An organisation needs to learn at least as fast as change in its environment, such as in markets, supply chain, technologies, materials, economies and human expectations. Clearly an organisation can only learn if it is populated with individuals who are themselves learning. However, before we conflate learning with development, we need to recognise that learning takes place at different levels. Thus we should see learning as not only as the acquisition of knowledge or technique, but also as structural change in the learner’s way of being. To clarify what I am getting at, let’s recall the levels of learning described by cyberneticist and social scientist, Gregory Bateson. “Learning zero merely adds to and updates information”. Learning 1 is associated with acquiring routines for dealing with familiar situations, without yet changing the learner. Thus we go to university to refine legacy knowledge from previous generations. Most formal learning is of this kind. Learning 2 changes the mental models by which we interpret experience. It also improves Learning 1 – we learn how to learn. Learning at this level requires us to observe accurately, to seek and respond rapidly to feedback. Learning 3 a further level of abstraction, questions the WHY of things. Disrupting who and what we are, it transforms both forms and structures. Learning – and the much more difficult un-learning – are required for us to become more than we were. Learning 4 is a meta-level which Bateson says is rarely present on Earth! Bateson

Most learning in organisations is focused on keeping abreast of technical push and marketing pull – in both cases Learning 1. But no amount of Learning 1 will bring about learning 2. Nor will more Learning 2 get us to Learning 3. Everyone in an organisation is capable of higher levels of learning but unless the executive team is engaged, the organisation as a whole will not thrive. Each executive team should ask itself three questions: How are we, in our daily practice, individually and collectively engaging in Learnings 1, 2 and 3? In what ways do we encourage and support each level of learning throughout our organisation? How does our organisational development relate to and inform our business strategy?
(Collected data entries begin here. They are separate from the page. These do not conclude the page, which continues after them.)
(* Let $\vec H$ be a DAG. Then there exist graphs $H_1,H_2\in\mathcal G_{\vec H}$ such that $\mathrm{td}(H_1)\le \mathrm{dtd}(\vec H)\le \mathrm{td}(H_2)$.
   Context: For a DAG $\vec H$, a source is a vertex of in-degree $0$; $S$ denotes the set of sources and $N$ the set of non-sources; $R(s)$ is the set of vertices reachable from $s$. $\mathrm{Bip}(\vec H)$ is the bipartite graph with parts $S$ and $N$ in which $s\in S$ and $v\in N$ are adjacent iff $v\in R(s)$. $\mathcal G_{\vec H}$ is the set of all graphs obtained from $\mathrm{Bip}(\vec H)$ by contracting, for each non-source $v$, one edge incident to $v$ (so that all non-sources are eliminated and the resulting graph has vertex set $S$). Equivalently, for a choice of map $f:N\to S$ with $v\in R(f(v))$, the graph has vertex set $S$ and distinct $s,s'$ adjacent iff there is $v\in N$ with $v\in R(s)\cap R(s')$ and $f(v)\in\{s,s'\}$. A DAG elimination forest of $\vec H$ is defined recursively: if $\vec H$ is empty, it is empty; if the underlying undirected graph is disconnected, it is the union of DAG elimination forests of its components; if connected with exactly one source $s$, it is the single-node tree $s$; otherwise it is a tree whose root is an arbitrarily chosen source $s$ and whose subtrees are the trees of a DAG elimination forest of the DAG obtained by deleting $s$ and all vertices reachable from $s$. The depth of a rooted forest is the maximum number of nodes on a root-to-leaf path; $\mathrm{dtd}(\vec H)$ is the minimum depth of a DAG elimination forest. $\mathrm{td}$ denotes the usual treedepth of an undirected graph. *)

theory Defs
  imports Main
begin

text \<open>Digraphs are pairs (V, E) with a vertex set V and arcs E, where (u,v) \<in> E means u -> v.
  Undirected graphs are pairs (V, E) with E a symmetric irreflexive relation on V.\<close>

definition dag :: "'a set \<Rightarrow> ('a \<times> 'a) set \<Rightarrow> bool" where
  "dag V E \<longleftrightarrow> finite V \<and> E \<subseteq> V \<times> V \<and> acyclic E"

definition sources :: "'a set \<Rightarrow> ('a \<times> 'a) set \<Rightarrow> 'a set" where
  "sources V E = {v \<in> V. \<not> (\<exists>u. (u, v) \<in> E)}"

definition nonsources :: "'a set \<Rightarrow> ('a \<times> 'a) set \<Rightarrow> 'a set" where
  "nonsources V E = V - sources V E"

definition reach :: "('a \<times> 'a) set \<Rightarrow> 'a \<Rightarrow> 'a set" where
  "reach E s = E\<^sup>* `` {s}"

definition induced :: "('a \<times> 'a) set \<Rightarrow> 'a set \<Rightarrow> ('a \<times> 'a) set" where
  "induced E C = E \<inter> (C \<times> C)"

definition und :: "'a set \<Rightarrow> ('a \<times> 'a) set \<Rightarrow> ('a \<times> 'a) set" where
  "und V E = {(x, y). x \<in> V \<and> y \<in> V \<and> ((x, y) \<in> E \<or> (y, x) \<in> E)}"

definition comps :: "'a set \<Rightarrow> ('a \<times> 'a) set \<Rightarrow> 'a set set" where
  "comps V E = {(und V E)\<^sup>* `` {v} | v. v \<in> V}"

definition gconnected :: "'a set \<Rightarrow> ('a \<times> 'a) set \<Rightarrow> bool" where
  "gconnected V E \<longleftrightarrow> V \<noteq> {} \<and> (\<forall>x\<in>V. \<forall>y\<in>V. (x, y) \<in> (und V E)\<^sup>*)"

inductive dag_elim_depth :: "'a set \<Rightarrow> ('a \<times> 'a) set \<Rightarrow> nat \<Rightarrow> bool" where
  empty: "V = {} \<Longrightarrow> dag_elim_depth V E 0"
| disconnected: "\<lbrakk> V \<noteq> {}; \<not> gconnected V E;
     \<forall>C. C \<in> comps V E \<longrightarrow> dag_elim_depth C (induced E C) (d C) \<rbrakk>
   \<Longrightarrow> dag_elim_depth V E (Max (d ` comps V E))"
| one_source: "\<lbrakk> gconnected V E; sources V E = {s} \<rbrakk> \<Longrightarrow> dag_elim_depth V E 1"
| root: "\<lbrakk> gconnected V E; \<not> (\<exists>t. sources V E = {t}); s \<in> sources V E;
     dag_elim_depth (V - reach E s) (induced E (V - reach E s)) d \<rbrakk>
   \<Longrightarrow> dag_elim_depth V E (Suc d)"

definition dtd :: "'a set \<Rightarrow> ('a \<times> 'a) set \<Rightarrow> nat" where
  "dtd V E = (LEAST d. dag_elim_depth V E d)"

inductive td_depth :: "'a set \<Rightarrow> ('a \<times> 'a) set \<Rightarrow> nat \<Rightarrow> bool" where
  empty: "V = {} \<Longrightarrow> td_depth V E 0"
| disconnected: "\<lbrakk> V \<noteq> {}; \<not> gconnected V E;
     \<forall>C. C \<in> comps V E \<longrightarrow> td_depth C (induced E C) (d C) \<rbrakk>
   \<Longrightarrow> td_depth V E (Max (d ` comps V E))"
| connected: "\<lbrakk> gconnected V E; v \<in> V;
     td_depth (V - {v}) (induced E (V - {v})) d \<rbrakk>
   \<Longrightarrow> td_depth V E (Suc d)"

definition td :: "'a set \<Rightarrow> ('a \<times> 'a) set \<Rightarrow> nat" where
  "td V E = (LEAST d. td_depth V E d)"

definition contraction_graphs :: "'a set \<Rightarrow> ('a \<times> 'a) set \<Rightarrow> ('a \<times> 'a) set set" where
  "contraction_graphs V E =
     {{(s, s'). s \<in> sources V E \<and> s' \<in> sources V E \<and> s \<noteq> s' \<and>
         (\<exists>v \<in> nonsources V E. v \<in> reach E s \<and> v \<in> reach E s' \<and> f v \<in> {s, s'})}
      | f. \<forall>v \<in> nonsources V E. f v \<in> sources V E \<and> v \<in> reach E (f v)}"

end

theory Submission
  imports Defs
begin

(*
  Both parameters are characterised by vertex rankings: labellings of the vertices by numbers
  below k in which every connected vertex set has a unique vertex of maximal label.  A graph has
  treedepth at most k iff it has a vertex ranking below k: the root of an elimination tree gets
  the top label.  Likewise dtd(H) <= k iff for some contraction map f (sending each non-source to
  a source reaching it) the contraction graph H_f on the sources has a vertex ranking below k.
  Given an elimination forest with root s, let f send everything reachable from s to s; then
  H_f without s is the contraction graph of H - R(s) and s may take the top label.  Conversely,
  if H is connected then so is H_f, and its top-labelled source can serve as the root.
  For f coming from an optimal elimination forest this gives td(H_f) = dtd(H).
*)

definition component :: "'a set \<Rightarrow> ('a \<times> 'a) set \<Rightarrow> 'a \<Rightarrow> 'a set" where
  "component V E x = (und V E)\<^sup>* `` {x}"

lemma comps_eq_component_image: "comps V E = component V E ` V"
  unfolding comps_def component_def by auto

lemma finite_comps: "finite V \<Longrightarrow> finite (comps V E)"
  by (simp add: comps_eq_component_image)

lemma component_self: "x \<in> component V E x"
  unfolding component_def by simp

lemma component_in_comps: "x \<in> V \<Longrightarrow> component V E x \<in> comps V E"
  by (simp add: comps_eq_component_image)

lemma compsE:
  assumes "C \<in> comps V E"
  obtains x where "x \<in> V" "C = component V E x"
  using assms by (auto simp: comps_eq_component_image)

lemma sym_und: "sym (und V E)"
  unfolding und_def sym_def by auto

lemma und_rtrancl_sym: "(x, y) \<in> (und V E)\<^sup>* \<Longrightarrow> (y, x) \<in> (und V E)\<^sup>*"
  using sym_rtrancl[OF sym_und] by (rule symD)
International consultant, Charlie Krone talked of three kinds of work. He used the acronym OLS to distinguish Operational, Leadership, and Strategic work. They are often conflated or confused by the misconception that Operations is for operators, Strategy for the executive and Leadership mediates between them. Such a view is demeaning and destructive, because everybody in an organisation performs all three. Even the lowliest employee is strategic in their area of responsibility, as in the story of the NASA cleaner who, when asked his role, said he was helping put men on the moon. Leadership can be contributed in every interaction between people, so long as hierarchy does not intervene. And even the chief executive has operational work to do. Unfortunately, because we rarely make these distinctions, we deprive the organisation of much of the talent and energy that is available and overburden those who try to fill the gaps.
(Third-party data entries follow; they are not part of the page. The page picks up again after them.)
lemma D_minus_power_le:
  assumes x: "0 < x" "x < d" and F: "0 \<le> F" and G: "0 \<le> G"
    and fp_le: "\<And>t. 0 < t \<Longrightarrow> t < x \<Longrightarrow> \<bar>fp t - a\<bar> \<le> F"
    and Dl_le: "\<And>t. 0 < t \<Longrightarrow> t < x \<Longrightarrow> \<bar>Dl t\<bar> \<le> G"
  shows "\<bar>D x - a / ((\<sigma> + 2) * (\<sigma> + real N)) * x powr (\<sigma> + 2)\<bar>
           \<le> (x powr \<sigma> * F + (\<bar>c0\<bar> + \<bar>\<beta>\<bar>) * G) * x\<^sup>2"
proof -
  \<comment> \<open>c t^(\<sigma>+2) solves the model problem fp = a, Dl = 0; subtract it from D and its flux from E.\<close>
  define c where "c = a / ((\<sigma> + 2) * (\<sigma> + real N))"
  have \<sigma>N: "0 < \<sigma> + real N" using \<sigma> by simp
  have pow: "t powr (\<sigma> + real k) = t powr \<sigma> * t ^ k" if "0 < t" for t :: real and k
    using that by (simp add: powr_add powr_realpow)
  have "\<bar>D x - c * x powr (\<sigma> + 2)\<bar> \<le> ((x powr \<sigma> * F + \<bar>c0\<bar> * G) + \<bar>\<beta>\<bar> * G) * x\<^sup>2"
  proof (rule radial_second_order_bound[OF x(1) N, where
        D = "\<lambda>t. D t - c * t powr (\<sigma> + 2)" and D' = "\<lambda>t. D' t - c * ((\<sigma> + 2) * t powr (\<sigma> + 1))"
        and E = "\<lambda>t. E t - a / (\<sigma> + real N) * t powr (\<sigma> + real N)"
        and E' = "\<lambda>t. t ^ (N - 1) * (t powr \<sigma> * (fp t - a) + c0 * Dl t)"])
    have "{0..x} \<subseteq> {0..<d}" using x by auto
    then have "continuous_on {0..x} D" "continuous_on {0..x} E"
      using continuous_on_subset D_cont E_cont by blast+
    then show "continuous_on {0..x} (\<lambda>t. D t - c * t powr (\<sigma> + 2))"
      and "continuous_on {0..x} (\<lambda>t. E t - a / (\<sigma> + real N) * t powr (\<sigma> + real N))"
      using \<sigma> \<sigma>N by (auto intro!: continuous_intros continuous_on_powr')
    show "((\<lambda>t. D t - c * t powr (\<sigma> + 2)) has_real_derivative
        D' t - c * ((\<sigma> + 2) * t powr (\<sigma> + 1))) (at t)" if "0 < t" "t < x" for t
      using D_deriv[of t] that x by (auto intro!: derivative_eq_intros simp: add.commute)
    show "((\<lambda>t. E t - a / (\<sigma> + real N) * t powr (\<sigma> + real N)) has_real_derivative
        t ^ (N - 1) * (t powr \<sigma> * (fp t - a) + c0 * Dl t)) (at t)" if t: "0 < t" "t < x" for t
    proof -
      have deriv: "((\<lambda>t. E t - a / (\<sigma> + real N) * t powr (\<sigma> + real N)) has_real_derivative
          t ^ (N - 1) * (t powr \<sigma> * fp t + c0 * Dl t)
          - a / (\<sigma> + real N) * ((\<sigma> + real N) * t powr (\<sigma> + real N - 1))) (at t)"
        using E_deriv[of t] t x by (intro DERIV_diff DERIV_cmult has_real_derivative_powr) auto
      have "t powr (\<sigma> + real N - 1) = t powr \<sigma> * t ^ (N - 1)"
        using pow[OF t(1), of "N - 1"] N by (simp add: of_nat_diff algebra_simps)
      then have "a / (\<sigma> + real N) * ((\<sigma> + real N) * t powr (\<sigma> + real N - 1))
          = a * (t powr \<sigma> * t ^ (N - 1))"
        using \<sigma>N by simp
      then have "t ^ (N - 1) * (t powr \<sigma> * fp t + c0 * Dl t)
          - a / (\<sigma> + real N) * ((\<sigma> + real N) * t powr (\<sigma> + real N - 1))
          = t ^ (N - 1) * (t powr \<sigma> * (fp t - a) + c0 * Dl t)"
        by (simp add: algebra_simps)
      with deriv show ?thesis by simp
    qed
    show "\<bar>t ^ (N - 1) * (t powr \<sigma> * (fp t - a) + c0 * Dl t)\<bar>
        \<le> t ^ (N - 1) * (x powr \<sigma> * F + \<bar>c0\<bar> * G)" if t: "0 < t" "t < x" for t
    proof -
      have "\<bar>t powr \<sigma> * (fp t - a)\<bar> \<le> x powr \<sigma> * F"
        using fp_le[OF t] t \<sigma> F by (auto simp: abs_mult intro!: mult_mono powr_mono2)
      moreover have "\<bar>c0 * Dl t\<bar> \<le> \<bar>c0\<bar> * G"
        using Dl_le[OF t] by (simp add: abs_mult mult_left_mono)
      ultimately have "\<bar>t powr \<sigma> * (fp t - a) + c0 * Dl t\<bar> \<le> x powr \<sigma> * F + \<bar>c0\<bar> * G"
        by linarith
      then show ?thesis using t by (simp add: abs_mult mult_left_mono)
    qed
    show "\<bar>E t - a / (\<sigma> + real N) * t powr (\<sigma> + real N)
        - t ^ (N - 1) * (D' t - c * ((\<sigma> + 2) * t powr (\<sigma> + 1)))\<bar> \<le> t ^ N * (\<bar>\<beta>\<bar> * G)"
      if t: "0 < t" "t < x" for t
    proof -
      have "t ^ (N - 1) * (c * ((\<sigma> + 2) * t powr (\<sigma> + 1))) = a / (\<sigma> + real N) * t powr (\<sigma> + real N)"
      proof -
        have "c * (\<sigma> + 2) = a / (\<sigma> + real N)" using \<sigma> by (simp add: c_def)
        moreover have "t ^ (N - 1) * t powr (\<sigma> + 1) = t powr (\<sigma> + real N)"
          using pow[OF t(1), of N] pow[OF t(1), of 1] N by (cases N) (auto simp: algebra_simps)
        moreover have "t ^ (N - 1) * (c * ((\<sigma> + 2) * t powr (\<sigma> + 1)))
            = (c * (\<sigma> + 2)) * (t ^ (N - 1) * t powr (\<sigma> + 1))"
          by (simp only: ac_simps)
        ultimately show ?thesis by simp
      qed
      then have "E t - a / (\<sigma> + real N) * t powr (\<sigma> + real N)
          - t ^ (N - 1) * (D' t - c * ((\<sigma> + 2) * t powr (\<sigma> + 1))) = \<beta> * t ^ N * Dl t"
        using E_eq[of t] t x by (simp add: algebra_simps)
      moreover have "\<bar>\<beta> * t ^ N * Dl t\<bar> = t ^ N * (\<bar>\<beta>\<bar> * \<bar>Dl t\<bar>)"
        using t by (simp add: abs_mult)
      moreover have "\<dots> \<le> t ^ N * (\<bar>\<beta>\<bar> * G)"
        using Dl_le[OF t] t by (intro mult_left_mono) auto
      ultimately show ?thesis by simp
    qed
  qed (use D_0 E_0 x F G \<sigma> \<sigma>N in auto)
  then show ?thesis by (simp add: c_def algebra_simps)
qed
The corollary to the OLS triad is SCI; Skill, Capacity and Intent. Varney Everyone has Skill and Knowledge to act (What), Capacity for initiative (How) and Intent to succeed (Why). If we insist on top down control we deny most of our employees the exercise of their capacity and intent. Thus our organisation is deprived of most of its human resource. If, on the other hand, we engage in higher level learning and develop that triad within each person, we will transform their collective effort through the way they organise.

Teams are microcosms of organisations and team development is more easily grasped than organisational development. Team-working gives us a way of engaging people in lifting their game and transforming performance by stimulating higher-order learning. It develops how people do what they do. It transforms relationships. Of course, we are talking about real high-performing teams, not just any bunch of people with the word team in their title. The collective intelligence of a high-performing team is greater than that of any team member. In the same way, enhancing the level of an organisation’s learning increases the intelligence of the whole organisation.